* Your task: Please reproduce the data below exactly, from the first line to the last.

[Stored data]
----------------------------------------

lemma alt_walk_segment_closed:
  fixes a b :: "'a \<Rightarrow> 'a" and x0 :: 'a
  defines "x \<equiv> alt_walk a b x0"
  assumes a: "\<And>z. a (a z) = z" and b: "\<And>z. b (b z) = z"
    and rep: "x j \<in> x ` {..<j}" and b0: "b x0 \<in> x ` {..<j}"
  shows "a ` x ` {..<j} \<subseteq> x ` {..<j}" "b ` x ` {..<j} \<subseteq> x ` {..<j}"
proof -
  define step where "step k = (if even k then a else b)" for k :: nat
  have fw: "x (Suc k) = step k (x k)" for k unfolding x_def step_def by simp
  have bw: "step k (x (Suc k)) = x k" for k unfolding x_def step_def using a b by simp
  have "a (x k) \<in> x ` {..<j} \<and> b (x k) \<in> x ` {..<j}" if "k < j" for k
  proof -
    have forward: "step k (x k) \<in> x ` {..<j}"
    proof (cases "Suc k = j")
      case True
      then show ?thesis using fw[of k] rep by simp
    next
      case False
      then have "Suc k < j" using that by simp
      then show ?thesis using fw[of k] by (metis imageI lessThan_iff)
    qed
    show ?thesis
    proof (cases k)
      case 0
      then show ?thesis using forward b0 unfolding step_def x_def by simp
    next
      case (Suc k')
      then have "step k' (x k) \<in> x ` {..<j}" using bw[of k'] that by force
      then show ?thesis using forward Suc unfolding step_def by (auto split: if_splits)
    qed
  qed
  then show "a ` x ` {..<j} \<subseteq> x ` {..<j}" "b ` x ` {..<j} \<subseteq> x ` {..<j}" by auto
qed

lemma alt_walk_segment_eq:
  fixes a b :: "nat \<Rightarrow> nat" and x0 :: nat
  defines "x \<equiv> alt_walk a b x0"
  assumes a: "\<And>z. a (a z) = z" "a permutes S" and b: "\<And>z. b (b z) = z" "b permutes S"
    and "finite S" "x0 \<in> S" "transitive_on S a b"
    and j: "0 < j" "inj_on x {..<j}" "x j \<in> x ` {..<j}" "b x0 \<in> x ` {..<j}"
  shows "x ` {..<j} = S" "j = card S"
proof -
  have "x ` {..<j} \<subseteq> S" using alt_walk_in_set[OF a(2) b(2) \<open>x0 \<in> S\<close>] unfolding x_def by blast
  moreover have "S \<subseteq> x ` {..<j}"
  proof (rule transitive_on_subset_closed[OF \<open>transitive_on S a b\<close> a(1) b(1) _ _ _ \<open>x0 \<in> S\<close>])
    show "a ` x ` {..<j} \<subseteq> x ` {..<j}" "b ` x ` {..<j} \<subseteq> x ` {..<j}"
      using alt_walk_segment_closed[OF a(1) b(1)] j(3,4) unfolding x_def by blast+
    show "x0 \<in> x ` {..<j}" using \<open>0 < j\<close> unfolding x_def by force
  qed
  ultimately show "x ` {..<j} = S" by blast
  then show "j = card S" using card_image[OF j(2)] by simp
qed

----------------------------------------

* Task answer:
lemma alt_walk_segment_closed:
  fixes a b :: "'a \<Rightarrow> 'a" and x0 :: 'a
  defines "x \<equiv> alt_walk a b x0"
  assumes a: "\<And>z. a (a z) = z" and b: "\<And>z. b (b z) = z"
    and rep: "x j \<in> x ` {..<j}" and b0: "b x0 \<in> x ` {..<j}"
  shows "a ` x ` {..<j} \<subseteq> x ` {..<j}" "b ` x ` {..<j} \<subseteq> x ` {..<j}"
proof -
  define step where "step k = (if even k then a else b)" for k :: nat
  have fw: "x (Suc k) = step k (x k)" for k unfolding x_def step_def by simp
  have bw: "step k (x (Suc k)) = x k" for k unfolding x_def step_def using a b by simp
  have "a (x k) \<in> x ` {..<j} \<and> b (x k) \<in> x ` {..<j}" if "k < j" for k
  proof -
    have forward: "step k (x k) \<in> x ` {..<j}"
    proof (cases "Suc k = j")
      case True
      then show ?thesis using fw[of k] rep by simp
    next
      case False
      then have "Suc k < j" using that by simp
      then show ?thesis using fw[of k] by (metis imageI lessThan_iff)
    qed
    show ?thesis
    proof (cases k)
      case 0
      then show ?thesis using forward b0 unfolding step_def x_def by simp
    next
      case (Suc k')
      then have "step k' (x k) \<in> x ` {..<j}" using bw[of k'] that by force
      then show ?thesis using forward Suc unfolding step_def by (auto split: if_splits)
    qed
  qed
  then show "a ` x ` {..<j} \<subseteq> x ` {..<j}" "b ` x ` {..<j} \<subseteq> x ` {..<j}" by auto
qed

lemma alt_walk_segment_eq:
  fixes a b :: "nat \<Rightarrow> nat" and x0 :: nat
  defines "x \<equiv> alt_walk a b x0"
  assumes a: "\<And>z. a (a z) = z" "a permutes S" and b: "\<And>z. b (b z) = z" "b permutes S"
    and "finite S" "x0 \<in> S" "transitive_on S a b"
    and j: "0 < j" "inj_on x {..<j}" "x j \<in> x ` {..<j}" "b x0 \<in> x ` {..<j}"
  shows "x ` {..<j} = S" "j = card S"
proof -
  have "x ` {..<j} \<subseteq> S" using alt_walk_in_set[OF a(2) b(2) \<open>x0 \<in> S\<close>] unfolding x_def by blast
  moreover have "S \<subseteq> x ` {..<j}"
  proof (rule transitive_on_subset_closed[OF \<open>transitive_on S a b\<close> a(1) b(1) _ _ _ \<open>x0 \<in> S\<close>])
    show "a ` x ` {..<j} \<subseteq> x ` {..<j}" "b ` x ` {..<j} \<subseteq> x ` {..<j}"
      using alt_walk_segment_closed[OF a(1) b(1)] j(3,4) unfolding x_def by blast+
    show "x0 \<in> x ` {..<j}" using \<open>0 < j\<close> unfolding x_def by force
  qed
  ultimately show "x ` {..<j} = S" by blast
  then show "j = card S" using card_image[OF j(2)] by simp
qed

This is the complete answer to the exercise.